In fact the petroleum industry has spent rather more than a penny – ExxonMobil, for example, spent some $16 million between 1998 and 2005, according to the report. In 1998 ExxonMobil-sponsored organisations promoted a report that said carbon dioxide emissions posed no warming threat. The report was authored by, amongst others, Sallie Baliunas, an astrophysicist affiliated with at least nine ExxonMobil-funded groups. In 2003 Baliunas published a review paper in Climate Research (vol 23, p 89) claiming that the climate had not changed significantly in the past millennium. Her conclusions were challenged by 13 of the scientists whose work she cited, but ExxonMobil-funded groups have continued to promote it.

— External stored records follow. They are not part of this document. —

lemma reaction_admissible:
  assumes "\<sigma> > 0"
    and cont: "continuous_on ({0..1} \<times> UNIV) (\<lambda>(x, y). f x y)"
    and anti: "\<forall>x\<in>{0..1}. antimono (f x)" and nonpos: "\<forall>x\<in>{0..1}. \<forall>y. f x y \<le> 0"
    and pos: "\<forall>j\<le>J. 0 < \<phi> (Suc i) j"
  shows "admissible_reaction J (reaction \<sigma> J f \<phi> i)"
  unfolding admissible_reaction_def
proof (intro allI impI)
  fix j assume "j \<le> J"
  define x where "x = real j / real J"
  have "x \<in> {0..1}" unfolding x_def using \<open>j \<le> J\<close> by (rule grid_point_in_unit)
  define h where "h y = 1 / \<sigma>^2 * f x y" for y
  have "continuous_on UNIV (\<lambda>y. (\<lambda>(x, y). f x y) (x, y))"
    by (rule continuous_on_compose2[OF cont]) (use \<open>x \<in> {0..1}\<close> in \<open>auto intro!: continuous_intros\<close>)
  then have "continuous_on UNIV h" unfolding h_def by (intro continuous_intros) simp
  moreover have "antimono h"
    using anti \<open>x \<in> {0..1}\<close> \<open>\<sigma> > 0\<close> unfolding h_def by (auto simp: antimono_def divide_right_mono)
  moreover have "h y \<le> 0" for y
    using nonpos \<open>x \<in> {0..1}\<close> \<open>\<sigma> > 0\<close> unfolding h_def by (simp add: divide_nonpos_pos)
  moreover have "reaction \<sigma> J f \<phi> i j = (\<lambda>s. - (h (\<phi> (Suc i) j * s) * s))"
    by (simp add: reaction_def h_def x_def fun_eq_iff)
  ultimately show "continuous_on UNIV (reaction \<sigma> J f \<phi> i j) \<and>
      (\<forall>s\<le>0. reaction \<sigma> J f \<phi> i j s \<le> 0) \<and> (\<forall>s\<ge>0. 0 \<le> reaction \<sigma> J f \<phi> i j s) \<and>
      mono_on {0..} (reaction \<sigma> J f \<phi> i j)"
    using absorption_admissible[of h "\<phi> (Suc i) j"] pos \<open>j \<le> J\<close> by simp
qed

text \<open>The scheme is exactly the time marching of the implicit steps with
  a = 1/dt, c = sigma^2/(2 dx^2) and data psi_i / dt.\<close>
lemma psi_scheme_as_marching:
  assumes "T > 0" and "I > 0"
  shows "psi_scheme T \<sigma> I J f m0 \<phi> \<psi> \<longleftrightarrow>
    (\<forall>i<I. step_eq J (real I / T) (\<sigma>^2 / 2 * real J ^ 2) (reaction \<sigma> J f \<phi> i)
               (\<lambda>j. real I / T * \<psi> i j) (\<psi> (Suc i)))
    \<and> (\<forall>j\<le>J. \<psi> 0 j = m0 (real j / real J) / \<phi> 0 j)"
proof -
  have lap_form: "right_nb J \<psi> (i + 1) j - 2 * \<psi> (i + 1) j + left_nb \<psi> (i + 1) j = lap J (\<psi> (Suc i)) j"
    for i j by (simp add: right_nb_def left_nb_def lap_def nbr_def nbl_def)
  have row: "(u - q) / (T / real I) - \<sigma>^2 / 2 * L / (1 / real J)^2 = F \<longleftrightarrow>
      real I / T * u - \<sigma>^2 / 2 * real J ^ 2 * L + - F = real I / T * q" for u q L F :: real
  proof -
    have "(u - q) / (T / real I) = real I / T * u - real I / T * q"
      using assms by (simp add: field_simps)
    moreover have "\<sigma>^2 / 2 * L / (1 / real J)^2 = \<sigma>^2 / 2 * real J ^ 2 * L"
      by (simp add: power_one_over)
    ultimately show ?thesis by linarith
  qed
  show ?thesis
    unfolding psi_scheme_def Let_def lap_form row step_eq_def reaction_def by simp
qed

text \<open>The scheme is a time marching of well-posed, positivity preserving implicit steps:
  the reaction is admissible because phi >= eps > 0, and the initial datum m0/phi is nonnegative.\<close>
theorem proposition9:
  fixes T \<sigma> \<epsilon> :: real and I J :: nat
    and m0 :: "real \<Rightarrow> real" and f :: "real \<Rightarrow> real \<Rightarrow> real"
    and \<phi> :: "nat \<Rightarrow> nat \<Rightarrow> real"
  assumes "T > 0" and "\<sigma> > 0" and "I > 0" and "J > 0"
    and "bounded (m0 ` {0..1})" and "\<forall>x\<in>{0..1}. m0 x \<ge> 0"
    and "continuous_on ({0..1} \<times> UNIV) (\<lambda>(x, y). f x y)"
    and "\<forall>x\<in>{0..1}. antimono (f x)"
    and "bounded ((\<lambda>(x, y). f x y) ` ({0..1} \<times> UNIV))"
    and "\<forall>x\<in>{0..1}. \<forall>y. f x y \<le> 0"
    and "\<epsilon> > 0"
    and "in_M_eps I J \<epsilon> \<phi>"
  shows "(\<exists>\<psi>. psi_scheme T \<sigma> I J f m0 \<phi> \<psi>
            \<and> (\<forall>\<psi>'. psi_scheme T \<sigma> I J f m0 \<phi> \<psi>' \<longrightarrow>
                   (\<forall>i\<le>I. \<forall>j\<le>J. \<psi>' i j = \<psi> i j)))
         \<and> (\<forall>\<psi>. psi_scheme T \<sigma> I J f m0 \<phi> \<psi> \<longrightarrow> in_M_eps I J 0 \<psi>)"
proof -
  have \<phi>_pos: "0 < \<phi> i j" if "i \<le> I" "j \<le> J" for i j
    using assms(11,12) that unfolding in_M_eps_def by force
  define u0 where "u0 j = m0 (real j / real J) / \<phi> 0 j" for j
  interpret time_marching I J
    "\<lambda>i q u. step_eq J (real I / T) (\<sigma>^2 / 2 * real J ^ 2) (reaction \<sigma> J f \<phi> i) (\<lambda>j. real I / T * q j) u"
    u0
  proof (rule implicit_scheme_time_marching)
    show "0 < real I / T" using assms(1,3) by simp
    show "admissible_reaction J (reaction \<sigma> J f \<phi> i)" if "i < I" for i
      using reaction_admissible[OF assms(2,7,8,10)] \<phi>_pos that by simp
    show "nonneg_on J u0"
      using assms(6) grid_point_in_unit \<phi>_pos unfolding nonneg_on_def u0_def by (simp add: less_imp_le)
  qed simp
  have scheme: "psi_scheme T \<sigma> I J f m0 \<phi> \<psi> \<longleftrightarrow> solution \<psi>" for \<psi>
    unfolding psi_scheme_as_marching[OF assms(1,3)] solution_def u0_def ..
  show ?thesis
    using solution_exists solution_unique solution_nonneg
    unfolding scheme in_M_eps_def nonneg_on_def by blast
qed

end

ExxonMobil told New Scientist that the company does not control the views of the organisations it sponsors. “While there is more to learn on climate science, what is clear today is that greenhouse gas emissions are one of the factors that contribute to climate change and that the use of fossil fuels is a major source of these emissions,” the company says.

David Read of the Royal Society in London says the debate about climate change must not be controlled by industry-funded lobby groups. “Given the tactics of many of these organisations to date, we should not be surprised if they redouble their efforts ahead of the publication of the Intergovernmental Panel on Climate Change fourth assessment report.” The IPPC report is due next month.